*EXERCISE INSTRUCTIONS*.
Provide only the number of lines in the records below that contain "pointwise".

*Collected data entries*.
lemma truncated_second_moments_le:
  fixes M :: "'s measure" and X :: "'s \<Rightarrow> real"
  assumes M: "prob_space M" and X: "X \<in> borel_measurable M" and \<epsilon>: "\<epsilon> > 0"
    and pointwise: "\<And>u. 0 \<le> u \<Longrightarrow> u powr (2 * \<theta>) * sum weight {m\<in>{1..Q}. u < a m}
        \<le> K * (1 + (\<Sum>j\<in>{j\<in>{1..Q}. a j \<le> u}. real j * \<tau> j)) powr \<theta>"
  shows "(\<Sum>m\<in>{1..Q}. \<tau> m * (real m * (\<integral>x. (X x)^2 * indicator {y \<in> space M. \<bar>X y\<bar> < \<epsilon> * a m} x \<partial>M)
      / (\<epsilon>^2 * a m ^ 2)) powr \<theta>)
    \<le> K * (1 + (\<Sum>j\<in>{1..Q}. real j * \<tau> j * measure M {x \<in> space M. \<bar>X x\<bar> \<ge> \<epsilon> * a j})) powr \<theta>"
proof -
  interpret prob_space M by (fact M)
  define Z where "Z m x = (if \<bar>X x\<bar> < \<epsilon> * a m then real m * (X x)^2 / (\<epsilon>^2 * a m ^ 2) else 0)" for m x
  define G where "G x = 1 + (\<Sum>j\<in>{1..Q}. if \<epsilon> * a j \<le> \<bar>X x\<bar> then real j * \<tau> j else 0)" for x
  define b where "b = real Q + 1 + (\<Sum>j\<in>{1..Q}. real j * \<tau> j)"
  have Z_bound: "0 \<le> Z m x \<and> Z m x \<le> b" if m: "m \<in> {1..Q}" for m x
  proof -
    have "a m > 0"
      using a_pos m by simp
    have "(X x)^2 \<le> (\<epsilon> * a m)^2" if "\<bar>X x\<bar> < \<epsilon> * a m"
      using that by (metis abs_ge_zero less_imp_le power2_abs power_mono)
    then have "Z m x \<le> real m"
      using \<epsilon> \<open>a m > 0\<close> by (simp add: Z_def divide_le_eq power_mult_distrib mult_left_mono)
    moreover have "real m \<le> b"
      using m tau_nonneg by (auto simp: b_def intro!: sum_nonneg add_increasing2)
    ultimately show ?thesis
      by (simp add: Z_def)
  qed
  have G_bound: "1 \<le> G x \<and> G x \<le> b" for x
  proof -
    have "0 \<le> (\<Sum>j\<in>{1..Q}. if \<epsilon> * a j \<le> \<bar>X x\<bar> then real j * \<tau> j else 0)"
      using tau_nonneg by (intro sum_nonneg) auto
    moreover have "(\<Sum>j\<in>{1..Q}. if \<epsilon> * a j \<le> \<bar>X x\<bar> then real j * \<tau> j else 0) \<le> (\<Sum>j\<in>{1..Q}. real j * \<tau> j)"
      using tau_nonneg by (intro sum_mono) auto
    ultimately show ?thesis
      by (simp add: G_def b_def)
  qed
  have "(\<Sum>m\<in>{1..Q}. \<tau> m * (\<integral>x. Z m x \<partial>M) powr \<theta>) \<le> K * (\<integral>x. G x \<partial>M) powr \<theta>"
  proof (rule sum_integral_powr_le[OF finite_measure theta finite_atLeastAtMost])
    show "Z m \<in> borel_measurable M" for m
      unfolding Z_def using X by measurable
    show "G \<in> borel_measurable M"
      unfolding G_def using X by measurable
    show "(\<Sum>m\<in>{1..Q}. \<tau> m * Z m x powr \<theta>) \<le> K * G x powr \<theta>" for x
      unfolding Z_def G_def using \<epsilon> pointwise by (rule truncated_powr_sum_le)
  qed (use tau_nonneg Z_bound G_bound in auto)
  moreover have "(\<integral>x. Z m x \<partial>M) = real m * (\<integral>x. (X x)^2 * indicator {y \<in> space M. \<bar>X y\<bar> < \<epsilon> * a m} x \<partial>M)
      / (\<epsilon>^2 * a m ^ 2)" for m
  proof -
    have "(\<integral>x. Z m x \<partial>M) = (\<integral>x. real m / (\<epsilon>^2 * a m ^ 2) * ((X x)^2 * indicator {y \<in> space M. \<bar>X y\<bar> < \<epsilon> * a m} x) \<partial>M)"
      by (intro Bochner_Integration.integral_cong) (auto simp: Z_def indicator_def)
    then show ?thesis
      by simp
  qed
  moreover have "(\<integral>x. G x \<partial>M) = 1 + (\<Sum>j\<in>{1..Q}. real j * \<tau> j * measure M {x \<in> space M. \<bar>X x\<bar> \<ge> \<epsilon> * a j})"
    unfolding G_def using X by (intro integral_one_plus_sum_if[OF M finite_atLeastAtMost]) measurable
  ultimately show ?thesis
    by simp
qed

*OUTPUT FOR THIS EXERCISE*.
2